TO DO.
Taking the line with "n)) + sum_list (map csize (nonedge_literals n))" as the first and the line with "by (simp add: repair_circuit_def models_circuit_def)" as the last, set down exactly every line in that range from the entries below, and no more.

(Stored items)
lemma pmf_l1_dist_le_sqrt_JS_dist: "pmf_l1_dist p q \<le> 3 * sqrt (ln 2 * JS_dist p q)"
proof (cases "JS_dist p q = 0")
  case True
  show ?thesis
  proof (rule field_le_epsilon)
    fix e :: real assume "e > 0"
    then show "pmf_l1_dist p q \<le> 3 * sqrt (ln 2 * JS_dist p q) + e"
      using pmf_l1_dist_le_JS_dist[of "e / 2" p q] True by simp
  qed
next
  case False
  define c where "c = sqrt (ln 2 * JS_dist p q)"
  have "c > 0"
    using False JS_dist_nonneg[of p q] by (simp add: c_def)
  have "ln 2 * JS_dist p q / c = c"
    using \<open>c > 0\<close> by (simp add: c_def real_div_sqrt)
  with pmf_l1_dist_le_JS_dist[OF \<open>c > 0\<close>, of p q] show ?thesis
    by (simp add: c_def)
qed

theorem lemma2:
  fixes p q :: "'a::countable pmf" and \<epsilon> \<alpha> :: real and N :: nat
    and R :: "'a list set"
  assumes "JS_dist p q \<le> \<epsilon>"
    and "N \<ge> 1"
    and "R \<subseteq> {xs. length xs = N}"
    and "\<alpha> > 0"
    and "measure_pmf.prob (replicate_pmf N p) R \<ge> 1 - \<alpha>"
  shows "measure_pmf.prob (replicate_pmf N q) R
           \<ge> 1 - \<alpha> - 2 * real N ^ 3 * sqrt (4 * \<epsilon> * ln 2) - 1 / real N"
proof -
  have "\<epsilon> \<ge> 0"
    using JS_dist_nonneg assms(1) by (rule order_trans)
  have "pmf_l1_dist p q \<le> 3 * sqrt (ln 2 * JS_dist p q)"
    by (rule pmf_l1_dist_le_sqrt_JS_dist)
  also have "\<dots> \<le> 3 * sqrt (ln 2 * \<epsilon>)"
    using assms(1) by simp
  also have "\<dots> \<le> 2 * sqrt (4 * \<epsilon> * ln 2)"
    using \<open>\<epsilon> \<ge> 0\<close> by (simp add: real_sqrt_mult mult.commute)
  finally have l1: "pmf_l1_dist p q \<le> 2 * sqrt (4 * \<epsilon> * ln 2)" .
  have "real N * pmf_l1_dist p q \<le> real N ^ 3 * (2 * sqrt (4 * \<epsilon> * ln 2))"
    using l1 assms(2) pmf_l1_dist_nonneg \<open>\<epsilon> \<ge> 0\<close>
    by (intro mult_mono) (simp_all add: power_increasing[of 1 3, simplified])
  moreover have "measure_pmf.prob (replicate_pmf N p) R - measure_pmf.prob (replicate_pmf N q) R
      \<le> real N * pmf_l1_dist p q"
    using abs_prob_replicate_pmf_diff_le[of N p R q] by (simp add: abs_le_iff)
  moreover have "1 / real N \<ge> 0"
    by simp
  ultimately show ?thesis
    using assms(5) by (simp only: mult.left_commute[of _ 2])
qed

end
lemma count_edge_literals:
  assumes "basic_graph n E"
  shows "length (filter (ceval (enc n E k)) (edge_literals n)) = upair_count E"
proof -
  have "length (filter (ceval (enc n E k)) (edge_literals n))
      = length (filter (\<lambda>p. p \<in> E) (upper_pairs n))"
    unfolding edge_literals_def filter_map
    by (simp add: comp_def case_prod_beta, intro arg_cong[where f = length] filter_cong)
       (auto simp: set_upper_pairs enc_edge)
  then show ?thesis
    using upair_count_eq_length_filter_upper_pairs[OF assms] by simp
qed

lemma count_nonedge_literals:
  assumes "basic_graph n E"
  shows "length (filter (ceval (enc n E k)) (nonedge_literals n))
    = upair_count (complete_graph n - E)"
proof -
  have "length (filter (ceval (enc n E k)) (nonedge_literals n))
      = length (filter (\<lambda>p. p \<in> complete_graph n - E) (upper_pairs n))"
    unfolding nonedge_literals_def edge_literals_def filter_map
    by (simp add: comp_def case_prod_beta, intro arg_cong[where f = length] filter_cong)
       (auto simp: set_upper_pairs enc_edge complete_graph_def)
  then show ?thesis
    using upair_count_eq_length_filter_upper_pairs[OF basic_graph_complete_graph_diff[OF assms]]
    by simp
qed

lemma edge_literal_CIn: "c \<in> set (edge_literals n) \<Longrightarrow> \<exists>i < n * n. c = CIn i"
  by (auto simp: edge_literals_def set_upper_pairs edge_index_less)

lemma nonedge_literal_CNot: "c \<in> set (nonedge_literals n) \<Longrightarrow> \<exists>i < n * n. c = CNot (CIn i)"
  using edge_literal_CIn by (fastforce simp: nonedge_literals_def)

lemma length_edge_literals_le: "length (edge_literals n) \<le> n * n"
  using length_upper_pairs_le by (simp add: edge_literals_def)

lemma length_nonedge_literals: "length (nonedge_literals n) = length (edge_literals n)"
  by (simp add: nonedge_literals_def)

definition models_circuit :: "fo \<Rightarrow> nat \<Rightarrow> nat \<Rightarrow> nat \<Rightarrow> circuit" where
  "models_circuit \<psi> x y n =
     CAnd [CConst (0 < n \<longrightarrow> holds_on_loop \<psi>),
           COr [CNot (CThr 1 (edge_literals n)), CConst (holds_on_edge \<psi> x y)],
           COr [CNot (CThr 1 (nonedge_literals n)), CConst (holds_on_nonedge \<psi> x y)]]"

definition repair_circuit :: "mode \<Rightarrow> fo \<Rightarrow> nat \<Rightarrow> nat \<Rightarrow> nat \<Rightarrow> nat \<Rightarrow> circuit" where
  "repair_circuit md \<psi> x y n m =
     COr [models_circuit \<psi> x y n,
          CAnd [CConst (md \<noteq> Del \<and> models n (complete_graph n) (FAll x (FAll y \<psi>))),
                count_le (nonedge_literals n) (n * n) m],
          CAnd [CConst (md \<noteq> Add \<and> models n {} (FAll x (FAll y \<psi>))),
                count_le (edge_literals n) (n * n) m]]"

lemma ceval_models_circuit:
  assumes "qfree \<psi>" "free_vars \<psi> \<subseteq> {x, y}" "basic_graph n E"
  shows "ceval (enc n E k) (models_circuit \<psi> x y n) \<longleftrightarrow> models n E (FAll x (FAll y \<psi>))"
proof -
  have K: "finite (complete_graph n)"
    by (rule finite_subset[of _ "{..<n} \<times> {..<n}"]) (auto simp: complete_graph_def)
  have E: "E \<subseteq> complete_graph n"
    using assms(3) by (rule basic_graph_subset_complete_graph)
  have "E \<noteq> {} \<longleftrightarrow> upair_count E \<noteq> 0"
    using finite_subset[OF E K] by (simp add: upair_count_eq_0_iff)
  moreover have "E \<noteq> complete_graph n \<longleftrightarrow> upair_count (complete_graph n - E) \<noteq> 0"
    using K E by (auto simp: upair_count_eq_0_iff)
  ultimately show ?thesis
    using count_edge_literals[OF assms(3)] count_nonedge_literals[OF assms(3)]
    by (auto simp: models_circuit_def models_FAll_FAll_iff[OF assms] Suc_le_eq)
qed

lemma ceval_repair_circuit:
  assumes "qfree \<psi>" "free_vars \<psi> \<subseteq> {x, y}" "basic_graph n E" "k < 2 ^ m"
  shows "ceval (enc n E k) (repair_circuit md \<psi> x y n m)
    \<longleftrightarrow> RM_yes md (FAll x (FAll y \<psi>)) n E k"
  using count_edge_literals[OF assms(3)] count_nonedge_literals[OF assms(3)]
  by (simp add: repair_circuit_def ceval_models_circuit[OF assms(1-3)] ceval_count_le
      bits_value_enc[OF assms(4)] RM_yes_FAll_FAll_iff[OF assms(1-3)])

lemma cdepth_repair_circuit: "cdepth (repair_circuit md \<psi> x y n m) \<le> 6"
  using cdepth_count_le[of "edge_literals n" 1] cdepth_count_le[of "nonedge_literals n" 1]
    edge_literal_CIn nonedge_literal_CNot
  by (fastforce simp: repair_circuit_def models_circuit_def fold_max_le_iff)

lemma cinputs_repair_circuit: "cinputs (repair_circuit md \<psi> x y n m) \<subseteq> {..<n * n + m}"
  using cinputs_count_le[of "edge_literals n" "n * n" m] cinputs_count_le[of "nonedge_literals n" "n * n" m]
    edge_literal_CIn nonedge_literal_CNot
  by (fastforce simp: repair_circuit_def models_circuit_def)

lemma csize_repair_circuit: "csize (repair_circuit md \<psi> x y n m) \<le> 40 * (n * n + m + 1) ^ 2"
proof -
  let ?P = "length (edge_literals n)"
  let ?T = "n * n + m + 1"
  have pos: "csize c = 1" if "c \<in> set (edge_literals n)" for c
    using edge_literal_CIn[OF that] by auto
  have neg: "csize c = 2" if "c \<in> set (nonedge_literals n)" for c
    using nonedge_literal_CNot[OF that] by auto
  have "csize (repair_circuit md \<psi> x y n m) = 15
      + sum_list (map csize (edge_literals n)) + sum_list (map csize (nonedge_literals n))
      + csize (count_le (nonedge_literals n) (n * n) m) + csize (count_le (edge_literals n) (n * n) m)"
    by (simp add: repair_circuit_def models_circuit_def)
  moreover have "sum_list (map csize (edge_literals n)) \<le> 1 * ?P"
    "sum_list (map csize (nonedge_literals n)) \<le> 2 * ?P"
    using sum_list_le_length_mult[of "edge_literals n" csize 1]
      sum_list_le_length_mult[of "nonedge_literals n" csize 2] pos neg length_nonedge_literals
    by fastforce+
  moreover have "csize (count_le (nonedge_literals n) (n * n) m) \<le> 3 + m + 3 * ?P + m * ?P"
    "csize (count_le (edge_literals n) (n * n) m) \<le> 3 + m + 2 * ?P + m * ?P"
    using csize_count_le[of "nonedge_literals n" 2] csize_count_le[of "edge_literals n" 1]
      pos neg length_nonedge_literals
    by (fastforce simp: algebra_simps)+
  moreover have T: "?P \<le> ?T" "m \<le> ?T" "1 \<le> ?T" "?T \<le> ?T ^ 2"
    using length_edge_literals_le[of n] by (simp_all add: power2_eq_square)
  then have "?P \<le> ?T ^ 2" "m \<le> ?T ^ 2" "1 \<le> ?T ^ 2" "m * ?P \<le> ?T ^ 2"
    using mult_le_mono[OF T(2,1)] by (simp_all add: power2_eq_square)
  ultimately show ?thesis
    by linarith
qed

theorem lemma4p10:
  fixes md :: mode and x y :: nat and \<psi> :: fo
  assumes "qfree \<psi>" and "free_vars \<psi> \<subseteq> {x, y}"
  shows "in_TC0 (RM_yes md (FAll x (FAll y \<psi>)))"
proof -
  let ?C = "repair_circuit md \<psi> x y"
  have "\<forall>n m. cdepth (?C n m) \<le> 6 \<and> csize (?C n m) \<le> 40 * (n * n + m + 1) ^ 2
      \<and> cinputs (?C n m) \<subseteq> {..< n * n + m}
      \<and> (\<forall>E k. basic_graph n E \<and> k < 2 ^ m \<longrightarrow>
             (ceval (enc n E k) (?C n m) \<longleftrightarrow> RM_yes md (FAll x (FAll y \<psi>)) n E k))"
    using cdepth_repair_circuit csize_repair_circuit cinputs_repair_circuit
      ceval_repair_circuit[OF assms] by auto
  then show ?thesis
    unfolding in_TC0_def by blast
qed

end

REPLY.
      + sum_list (map csize (edge_literals n)) + sum_list (map csize (nonedge_literals n))
      + csize (count_le (nonedge_literals n) (n * n) m) + csize (count_le (edge_literals n) (n * n) m)"
    by (simp add: repair_circuit_def models_circuit_def)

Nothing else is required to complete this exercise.